FIG. 4 shows another embodiment, in which the matching circuits L ₁ , L ₁ ′ and C ₁ for the operating frequency of FIG. ₁ are not used. That is, one pad 6 forming a capacitor is provided on the dielectric chip 8 provided between the transistor chip 1 and the output strip line 10, and the inductance of the metal wire 4 and the value of the capacitance of the pad 6 are doubled. Set so that series resonance occurs with respect to the frequency.

Figure 5 is a further embodiment, a case of providing on a dielectric substrate constituting the output strips line the Kiyapashita forming a Kiyapashitansu C _2.

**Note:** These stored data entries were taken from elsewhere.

lemma eigenline_bitangent:
  fixes F :: "_ \<Rightarrow> 'a::field"
  assumes cl: "alg_closed TYPE('a)" and c2: "(2::'a) = 0" and e: "eigenline F L"
    and nc: "\<exists>Z. dot L Z = 0 \<and> evf F 4 Z \<noteq> 0"
  shows "is_bitangent F L"
proof -
  note inf = alg_closed_infinite[OF cl]
  have L: "L \<noteq> (0,0,0)" using e unfolding eigenline_def by blast
  obtain U V where UV: "dot L U = 0" "dot L V = 0" "cross U V \<noteq> (0,0,0)" and U: "evf F 4 U = 0"
    using line_zero_basis[OF cl c2 L] .
  consider "evf F 4 V = 0" | "line_coeff2 F U V = 0" | "evf F 4 V \<noteq> 0" "line_coeff2 F U V \<noteq> 0"
    by blast
  then show ?thesis
  proof cases
    case 1
    then show ?thesis using eigenline_two_zeros_bitangent[OF inf c2 e UV U _ nc] by blast
  next
    case 2
    then have "4 \<le> imult F U V" using eigenline_imult_ge(2)[OF inf c2 e UV U nc] by blast
    then show ?thesis
      using L UV nc unfolding is_bitangent_def on_line_iff_dot indep_iff_cross_nonzero by blast
  next
    case 3
    \<comment> \<open>F (U + t V) = line_coeff2 F U V t^2 + F V t^4, whose nonzero root gives a second zero V'\<close>
    obtain l where l: "l^2 = line_coeff2 F U V / evf F 4 V" using alg_closed_sqrt[OF cl] by blast
    then have l0: "l \<noteq> 0" using 3 by auto
    define V' where "V' = addp U (scal l V)"
    have "evf F 4 V' = line_coeff2 F U V * l^2 + evf F 4 V * (l^2)^2"
      unfolding V'_def poly_line_poly[OF c2, symmetric] poly_pCons line_poly_def
        eigenline_odd_coeffs[OF c2 e UV(1,2)] U by (simp add: algebra_simps power2_eq_square power4_eq_xxxx)
    also have "\<dots> = 0" unfolding l using 3 by (simp add: power2_eq_square char2_add_self[OF c2])
    finally have V': "evf F 4 V' = 0" .
    have "dot L V' = 0" unfolding V'_def using UV by (simp add: dot_addp_right dot_scal_right)
    moreover have "cross U V' = scal l (cross U V)" unfolding V'_def by (simp add: pt_simps algebra_simps)
    then have "cross U V' \<noteq> (0,0,0)" using l0 UV(3) by (simp add: scal_eq_zero_iff)
    ultimately show ?thesis using eigenline_two_zeros_bitangent[OF inf c2 e UV(1) _ _ U V' nc] by blast
  qed
qed

lemma coeff_line_poly_zero_below_imult:
  assumes inf: "infinite (UNIV :: 'a::field set)" and c2: "(2::'a) = 0"
    and nz: "line_poly F P R \<noteq> 0" and "n \<le> imult F P R" and "i < n"
  shows "coeff (line_poly F P (R::'a pt)) i = 0"
  using assms(4,5) unfolding imult_eq_order_line_poly[OF inf c2] le_order_0_iff[OF nz] by blast

lemma bitangent_eigenline:
  fixes F :: "_ \<Rightarrow> 'a::field"
  assumes inf: "infinite (UNIV :: 'a set)" and c2: "(2::'a) = 0" and b: "is_bitangent F L"
  shows "eigenline F L"
proof -
  have L: "L \<noteq> (0,0,0)" and nc: "\<exists>Z. dot L Z = 0 \<and> evf F 4 Z \<noteq> 0"
    using b unfolding is_bitangent_def on_line_iff_dot by auto
  have coeff0: "coeff (line_poly F P R) i = 0"
    if "dot L P = 0" "dot L R = 0" "cross P R \<noteq> (0,0,0)" "n \<le> imult F P R" "i < n" for P R n i
    using coeff_line_poly_zero_below_imult[OF inf c2 _ that(4,5)]
      vanishes_on_line_if_line_poly_eq_0[OF c2 L that(1-3)] nc by blast
  from b consider
      (two) P R where "dot L P = 0" "dot L R = 0" "cross P R \<noteq> (0,0,0)"
        "2 \<le> imult F P R" "2 \<le> imult F R P"
    | (four) P R where "dot L P = 0" "dot L R = 0" "cross P R \<noteq> (0,0,0)" "4 \<le> imult F P R"
    unfolding is_bitangent_def on_line_iff_dot indep_iff_cross_nonzero by blast
  then show ?thesis
  proof cases
    case two
    have "dot (cross P R) (wmap F P) = 0"
      using coeff0[OF two(1-4), of 1] unfolding coeff_line_poly by simp
    moreover have "dot (cross R P) (wmap F R) = 0"
      using coeff0[OF two(2,1) cross_swap_nonzero[OF two(3)] two(5), of 1]
      unfolding coeff_line_poly by simp
    then have "dot (cross P R) (wmap F R) = 0" by (simp add: cross_swap[of R P] dot_scal_left)
    ultimately show ?thesis using eigenline_if_odd_coeffs[OF c2 L two(1-3)] by blast
  next
    case four
    have "dot (cross P R) (wmap F P) = 0" "dot (cross P R) (wmap F R) = 0"
      using coeff0[OF four, of 1] coeff0[OF four, of 3] unfolding coeff_line_poly by simp_all
    then show ?thesis using eigenline_if_odd_coeffs[OF c2 L four(1-3)] by blast
  qed
qed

FIG. 6 is a block diagram of another embodiment of the present invention, in which a transistor and a circuit are formed on the same substrate, that is,
The output terminal of a transistor (FET
In this case, a spiral inductance and a capacitance are connected to the output strip line 10 in parallel to the drain electrode), and a series resonance is caused by the sum of the inductance of the spiral line 4A and the metal wire 4B and the capacitance of the capacitor 6 '. Set. 13 is an input line on the gate side, and 14 is a source electrode. Although the same circuit is provided on both sides of the output stop line in the figure, it is effective to use only one side.

〔The invention's effect〕

According to the present invention, a circuit which is short-circuited to the second harmonic component at the transistor output terminal effective for improving the efficiency of the amplifier circuit can be realized with a very small area of several mm ^{2, and as} a result, the circuit can be packaged. This makes it possible to realize a package suitable for increasing the efficiency of the transistor, thereby improving the efficiency of the transmission / reception device by using an amplifier, and achieving the miniaturization and high performance of the entire device.

[Brief description of the drawings]

FIG. 1 is a diagram showing an equivalent circuit of the present invention, and FIGS. 2 to 6 are top views of an embodiment of a high-frequency amplifier according to the present invention. 1 ... transistor chip, 2 ... output bonding pad, 3 ... input bonding pad, 4,5 ... metal wire, 6,7 ... capacitor, 8 ... dielectric chip, 9 ...
... Metal wire, 10 ... Strip line for output, 11 ... Dielectric substrate, 12 ... Metal wire on input side, 13 ... Line for input, 14 ...
Source electrode.

 ──────────────────────────────────────────────────続 き Continuation of the front page (56) References JP-A-61-87406 (JP, A) JP-A-62-111 (JP, A) JP-A-55-72324 (JP, U)

Claims (5)

(57) [Claims] A semiconductor device, a first metal wire having one end connected to an output bonding pad of the semiconductor device, and an output strip line connected to the other end of the first metal wire. In the high-frequency amplifier circuit, one end of a series resonance circuit including an inductor and a capacitor is connected to the output bonding pad, the other end of the series resonance circuit is grounded, and the inductance value of the inductor and the capacitance value of the capacitor are provided. Is set to a value that causes series resonance at twice the operating frequency. 2. The method according to claim 1, wherein the capacitor is a first chip capacitor using a dielectric, and the inductor is a second metal line connecting the first chip capacitor and the output bonding pad. The high-frequency amplifier circuit according to claim 1, characterized in that: 3. The high-frequency amplifier circuit according to claim 2, wherein said first chip capacitor is arranged at an intermediate position between said semiconductor element and said output strip line. 4. The high-frequency device according to claim 2, wherein said first chip capacitor is provided on the same dielectric substrate as a dielectric substrate constituting said output strip line. Amplifier circuit. 5. A second chip capacitor using the same dielectric as that of said first chip capacitor is provided, and one end of said second chip capacitor is connected to an intermediate portion of said first metal wire. 3. The second chip capacitor according to claim 2, wherein the other end of said second chip capacitor is grounded, and said first metal wire and said second chip capacitor are matched with respect to an operating frequency. 2. The high-frequency amplifier circuit according to 1.